**Activity:** Copy every line of the entries that has the string "UNIV" in it.

Items from a data source:
= Beginning of Section =

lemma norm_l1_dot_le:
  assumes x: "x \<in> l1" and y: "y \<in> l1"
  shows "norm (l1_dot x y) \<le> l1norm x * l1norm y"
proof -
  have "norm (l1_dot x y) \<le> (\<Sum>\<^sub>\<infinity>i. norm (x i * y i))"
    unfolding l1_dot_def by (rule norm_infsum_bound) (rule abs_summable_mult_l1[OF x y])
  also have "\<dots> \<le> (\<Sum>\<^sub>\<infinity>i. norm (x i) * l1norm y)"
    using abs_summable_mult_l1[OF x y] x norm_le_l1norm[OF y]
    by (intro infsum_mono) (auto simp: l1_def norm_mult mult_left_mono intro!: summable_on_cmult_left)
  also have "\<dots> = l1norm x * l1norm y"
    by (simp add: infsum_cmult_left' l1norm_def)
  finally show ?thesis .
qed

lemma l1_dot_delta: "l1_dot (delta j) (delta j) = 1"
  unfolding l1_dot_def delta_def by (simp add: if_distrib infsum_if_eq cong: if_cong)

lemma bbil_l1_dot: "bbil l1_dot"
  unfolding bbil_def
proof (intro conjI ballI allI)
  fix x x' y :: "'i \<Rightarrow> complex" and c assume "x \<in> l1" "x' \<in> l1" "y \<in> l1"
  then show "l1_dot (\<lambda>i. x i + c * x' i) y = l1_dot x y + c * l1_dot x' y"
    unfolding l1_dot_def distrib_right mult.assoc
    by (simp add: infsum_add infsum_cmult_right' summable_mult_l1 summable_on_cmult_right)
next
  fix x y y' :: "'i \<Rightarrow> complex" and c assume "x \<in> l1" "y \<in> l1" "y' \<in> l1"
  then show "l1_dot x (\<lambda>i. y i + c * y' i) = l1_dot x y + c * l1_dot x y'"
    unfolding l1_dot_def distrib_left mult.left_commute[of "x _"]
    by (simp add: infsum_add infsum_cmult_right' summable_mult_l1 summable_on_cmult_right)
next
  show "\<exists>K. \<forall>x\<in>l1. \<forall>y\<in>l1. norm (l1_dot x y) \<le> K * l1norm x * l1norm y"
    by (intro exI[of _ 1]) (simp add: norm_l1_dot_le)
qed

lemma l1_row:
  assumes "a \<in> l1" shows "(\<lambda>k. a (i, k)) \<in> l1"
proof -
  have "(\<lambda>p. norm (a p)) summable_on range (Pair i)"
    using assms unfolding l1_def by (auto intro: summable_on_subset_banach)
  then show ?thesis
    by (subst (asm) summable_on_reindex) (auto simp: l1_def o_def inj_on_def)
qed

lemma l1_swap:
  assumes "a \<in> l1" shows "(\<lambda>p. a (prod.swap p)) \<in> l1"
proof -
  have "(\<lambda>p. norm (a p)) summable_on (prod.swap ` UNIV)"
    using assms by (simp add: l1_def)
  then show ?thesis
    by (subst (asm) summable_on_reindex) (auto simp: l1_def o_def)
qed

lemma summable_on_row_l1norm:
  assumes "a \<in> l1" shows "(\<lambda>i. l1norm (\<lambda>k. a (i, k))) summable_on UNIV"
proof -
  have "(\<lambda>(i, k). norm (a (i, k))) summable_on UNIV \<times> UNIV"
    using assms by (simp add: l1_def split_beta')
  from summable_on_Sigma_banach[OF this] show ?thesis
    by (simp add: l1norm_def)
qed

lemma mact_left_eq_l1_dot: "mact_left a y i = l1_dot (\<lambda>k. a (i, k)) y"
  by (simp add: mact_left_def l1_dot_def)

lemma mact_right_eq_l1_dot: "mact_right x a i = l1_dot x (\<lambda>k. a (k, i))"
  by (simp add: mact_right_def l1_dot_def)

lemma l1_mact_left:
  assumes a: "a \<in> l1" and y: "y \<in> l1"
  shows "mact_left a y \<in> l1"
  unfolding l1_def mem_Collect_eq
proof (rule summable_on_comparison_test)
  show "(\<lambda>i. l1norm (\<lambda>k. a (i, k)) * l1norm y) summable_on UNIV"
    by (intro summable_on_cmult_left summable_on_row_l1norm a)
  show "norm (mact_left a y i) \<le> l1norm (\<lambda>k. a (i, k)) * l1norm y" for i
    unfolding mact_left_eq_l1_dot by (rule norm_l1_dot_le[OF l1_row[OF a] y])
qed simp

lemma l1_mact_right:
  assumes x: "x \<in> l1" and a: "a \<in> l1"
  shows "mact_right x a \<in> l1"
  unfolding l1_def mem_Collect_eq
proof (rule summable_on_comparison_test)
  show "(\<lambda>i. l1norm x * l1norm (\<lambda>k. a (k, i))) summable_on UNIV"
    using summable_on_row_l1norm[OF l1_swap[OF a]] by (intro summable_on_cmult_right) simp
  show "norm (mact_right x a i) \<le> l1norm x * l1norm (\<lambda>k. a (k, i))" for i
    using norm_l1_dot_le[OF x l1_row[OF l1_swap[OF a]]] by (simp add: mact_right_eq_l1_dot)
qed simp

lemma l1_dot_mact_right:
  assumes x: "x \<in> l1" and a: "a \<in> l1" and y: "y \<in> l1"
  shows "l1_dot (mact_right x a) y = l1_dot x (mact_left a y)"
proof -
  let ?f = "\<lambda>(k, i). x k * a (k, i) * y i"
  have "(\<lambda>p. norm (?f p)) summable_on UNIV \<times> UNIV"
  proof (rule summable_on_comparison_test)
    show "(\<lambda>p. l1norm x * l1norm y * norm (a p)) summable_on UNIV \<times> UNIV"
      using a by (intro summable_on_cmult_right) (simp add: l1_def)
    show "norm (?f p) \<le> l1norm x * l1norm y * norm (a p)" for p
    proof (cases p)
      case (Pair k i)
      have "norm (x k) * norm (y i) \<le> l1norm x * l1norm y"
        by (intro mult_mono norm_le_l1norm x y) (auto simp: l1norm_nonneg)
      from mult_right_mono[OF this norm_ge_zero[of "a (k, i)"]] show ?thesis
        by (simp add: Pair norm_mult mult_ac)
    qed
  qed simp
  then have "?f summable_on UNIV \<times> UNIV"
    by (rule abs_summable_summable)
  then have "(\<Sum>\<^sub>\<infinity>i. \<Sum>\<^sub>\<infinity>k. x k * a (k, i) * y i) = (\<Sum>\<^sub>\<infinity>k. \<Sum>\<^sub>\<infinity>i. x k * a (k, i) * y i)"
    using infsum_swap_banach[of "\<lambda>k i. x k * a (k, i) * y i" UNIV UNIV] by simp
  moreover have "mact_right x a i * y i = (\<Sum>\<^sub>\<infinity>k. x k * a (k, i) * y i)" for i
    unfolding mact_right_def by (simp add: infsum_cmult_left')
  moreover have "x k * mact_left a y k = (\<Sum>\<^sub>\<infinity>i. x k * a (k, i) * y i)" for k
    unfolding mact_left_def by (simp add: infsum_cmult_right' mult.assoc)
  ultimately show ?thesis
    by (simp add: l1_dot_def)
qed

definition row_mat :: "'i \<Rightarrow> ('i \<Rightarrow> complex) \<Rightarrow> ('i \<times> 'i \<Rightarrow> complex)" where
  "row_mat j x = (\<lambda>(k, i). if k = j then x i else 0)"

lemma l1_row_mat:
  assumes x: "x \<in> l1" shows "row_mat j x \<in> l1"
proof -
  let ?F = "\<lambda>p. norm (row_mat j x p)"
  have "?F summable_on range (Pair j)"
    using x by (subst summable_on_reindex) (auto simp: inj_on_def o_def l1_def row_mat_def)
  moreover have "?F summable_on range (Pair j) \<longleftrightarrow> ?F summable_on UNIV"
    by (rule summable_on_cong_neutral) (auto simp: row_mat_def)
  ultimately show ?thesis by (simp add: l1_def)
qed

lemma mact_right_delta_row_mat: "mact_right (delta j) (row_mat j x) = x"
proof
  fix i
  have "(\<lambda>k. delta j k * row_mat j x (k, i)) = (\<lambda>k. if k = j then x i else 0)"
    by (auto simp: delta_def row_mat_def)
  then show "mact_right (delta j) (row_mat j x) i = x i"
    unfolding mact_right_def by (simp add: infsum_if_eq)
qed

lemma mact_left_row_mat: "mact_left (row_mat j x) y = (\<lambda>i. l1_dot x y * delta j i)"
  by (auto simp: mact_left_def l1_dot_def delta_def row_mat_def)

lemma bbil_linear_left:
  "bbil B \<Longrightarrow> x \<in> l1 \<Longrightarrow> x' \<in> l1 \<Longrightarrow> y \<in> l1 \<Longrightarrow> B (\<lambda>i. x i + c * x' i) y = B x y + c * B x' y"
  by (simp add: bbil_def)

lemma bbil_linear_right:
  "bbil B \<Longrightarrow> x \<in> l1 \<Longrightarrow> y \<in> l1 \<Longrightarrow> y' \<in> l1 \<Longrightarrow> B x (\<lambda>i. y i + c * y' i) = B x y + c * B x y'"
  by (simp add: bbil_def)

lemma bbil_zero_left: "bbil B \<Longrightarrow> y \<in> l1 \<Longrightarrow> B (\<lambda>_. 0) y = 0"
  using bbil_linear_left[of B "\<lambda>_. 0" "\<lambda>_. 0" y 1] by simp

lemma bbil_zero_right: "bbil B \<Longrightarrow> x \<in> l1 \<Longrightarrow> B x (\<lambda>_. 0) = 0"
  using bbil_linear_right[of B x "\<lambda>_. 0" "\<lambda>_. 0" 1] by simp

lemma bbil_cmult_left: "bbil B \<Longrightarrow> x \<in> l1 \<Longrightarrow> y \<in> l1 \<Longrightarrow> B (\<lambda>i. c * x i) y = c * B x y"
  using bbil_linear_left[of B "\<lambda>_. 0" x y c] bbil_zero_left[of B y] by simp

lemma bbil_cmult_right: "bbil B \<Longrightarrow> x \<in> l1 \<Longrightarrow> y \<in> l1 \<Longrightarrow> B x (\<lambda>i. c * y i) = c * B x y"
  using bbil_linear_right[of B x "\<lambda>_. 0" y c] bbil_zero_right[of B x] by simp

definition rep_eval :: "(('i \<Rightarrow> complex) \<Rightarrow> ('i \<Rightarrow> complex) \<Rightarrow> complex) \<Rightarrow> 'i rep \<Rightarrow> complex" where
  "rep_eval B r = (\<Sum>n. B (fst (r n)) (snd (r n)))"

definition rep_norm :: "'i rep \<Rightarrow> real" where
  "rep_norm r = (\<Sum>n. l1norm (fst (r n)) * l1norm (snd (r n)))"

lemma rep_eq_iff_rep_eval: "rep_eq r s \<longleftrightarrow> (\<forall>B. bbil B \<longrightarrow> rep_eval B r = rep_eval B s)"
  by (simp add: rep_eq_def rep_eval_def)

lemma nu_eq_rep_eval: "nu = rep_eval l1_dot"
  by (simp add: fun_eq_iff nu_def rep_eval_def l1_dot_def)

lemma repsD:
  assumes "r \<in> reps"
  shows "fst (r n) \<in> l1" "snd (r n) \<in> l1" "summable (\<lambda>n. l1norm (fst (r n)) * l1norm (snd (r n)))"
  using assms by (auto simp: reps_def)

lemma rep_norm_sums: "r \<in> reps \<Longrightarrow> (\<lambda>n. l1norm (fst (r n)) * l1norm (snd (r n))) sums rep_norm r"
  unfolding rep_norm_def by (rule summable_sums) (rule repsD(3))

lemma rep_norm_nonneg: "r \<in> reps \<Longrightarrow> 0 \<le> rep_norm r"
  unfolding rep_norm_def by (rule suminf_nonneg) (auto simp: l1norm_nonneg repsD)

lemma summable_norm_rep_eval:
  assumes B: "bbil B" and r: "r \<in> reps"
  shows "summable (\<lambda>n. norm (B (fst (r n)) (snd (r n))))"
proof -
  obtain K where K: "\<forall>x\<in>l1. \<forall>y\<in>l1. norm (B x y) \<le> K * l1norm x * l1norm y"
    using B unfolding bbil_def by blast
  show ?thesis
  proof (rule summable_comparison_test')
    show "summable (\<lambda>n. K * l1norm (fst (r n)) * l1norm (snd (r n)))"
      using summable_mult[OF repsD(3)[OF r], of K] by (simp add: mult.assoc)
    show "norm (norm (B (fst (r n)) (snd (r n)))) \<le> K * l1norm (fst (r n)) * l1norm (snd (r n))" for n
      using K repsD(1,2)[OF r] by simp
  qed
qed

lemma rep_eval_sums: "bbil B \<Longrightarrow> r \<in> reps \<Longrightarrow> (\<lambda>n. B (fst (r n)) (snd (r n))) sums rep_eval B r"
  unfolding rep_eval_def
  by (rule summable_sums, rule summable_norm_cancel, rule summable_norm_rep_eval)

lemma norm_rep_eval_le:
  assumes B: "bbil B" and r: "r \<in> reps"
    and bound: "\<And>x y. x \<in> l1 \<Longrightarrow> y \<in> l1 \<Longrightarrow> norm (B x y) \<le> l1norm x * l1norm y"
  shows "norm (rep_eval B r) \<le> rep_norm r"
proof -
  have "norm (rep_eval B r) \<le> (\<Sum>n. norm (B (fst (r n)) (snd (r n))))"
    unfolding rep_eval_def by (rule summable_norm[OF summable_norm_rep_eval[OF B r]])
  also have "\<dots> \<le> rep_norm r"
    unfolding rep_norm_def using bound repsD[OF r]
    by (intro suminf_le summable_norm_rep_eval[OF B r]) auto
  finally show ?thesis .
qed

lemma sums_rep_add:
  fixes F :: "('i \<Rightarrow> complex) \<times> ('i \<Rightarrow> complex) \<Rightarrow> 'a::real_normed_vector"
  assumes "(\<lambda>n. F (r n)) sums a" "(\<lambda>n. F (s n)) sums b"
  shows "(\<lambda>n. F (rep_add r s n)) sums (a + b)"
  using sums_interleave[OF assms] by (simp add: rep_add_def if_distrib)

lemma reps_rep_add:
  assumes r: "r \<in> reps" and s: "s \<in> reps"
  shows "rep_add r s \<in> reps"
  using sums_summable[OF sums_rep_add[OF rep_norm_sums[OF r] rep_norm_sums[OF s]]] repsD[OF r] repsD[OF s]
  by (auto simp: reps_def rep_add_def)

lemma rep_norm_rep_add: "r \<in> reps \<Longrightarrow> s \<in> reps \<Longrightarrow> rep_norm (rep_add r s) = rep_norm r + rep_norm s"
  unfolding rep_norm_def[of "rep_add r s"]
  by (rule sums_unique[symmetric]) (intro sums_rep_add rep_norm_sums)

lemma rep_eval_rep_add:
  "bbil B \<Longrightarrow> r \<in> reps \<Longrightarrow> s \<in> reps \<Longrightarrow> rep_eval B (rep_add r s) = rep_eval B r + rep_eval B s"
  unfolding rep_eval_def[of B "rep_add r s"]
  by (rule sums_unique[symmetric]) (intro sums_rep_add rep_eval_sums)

= End of Section =

**Exercise response:**
  have "(\<lambda>p. norm (a p)) summable_on (prod.swap ` UNIV)"
  assumes "a \<in> l1" shows "(\<lambda>i. l1norm (\<lambda>k. a (i, k))) summable_on UNIV"
  have "(\<lambda>(i, k). norm (a (i, k))) summable_on UNIV \<times> UNIV"
  show "(\<lambda>i. l1norm (\<lambda>k. a (i, k)) * l1norm y) summable_on UNIV"
  show "(\<lambda>i. l1norm x * l1norm (\<lambda>k. a (k, i))) summable_on UNIV"
  have "(\<lambda>p. norm (?f p)) summable_on UNIV \<times> UNIV"
    show "(\<lambda>p. l1norm x * l1norm y * norm (a p)) summable_on UNIV \<times> UNIV"
  then have "?f summable_on UNIV \<times> UNIV"
    using infsum_swap_banach[of "\<lambda>k i. x k * a (k, i) * y i" UNIV UNIV] by simp
  moreover have "?F summable_on range (Pair j) \<longleftrightarrow> ?F summable_on UNIV"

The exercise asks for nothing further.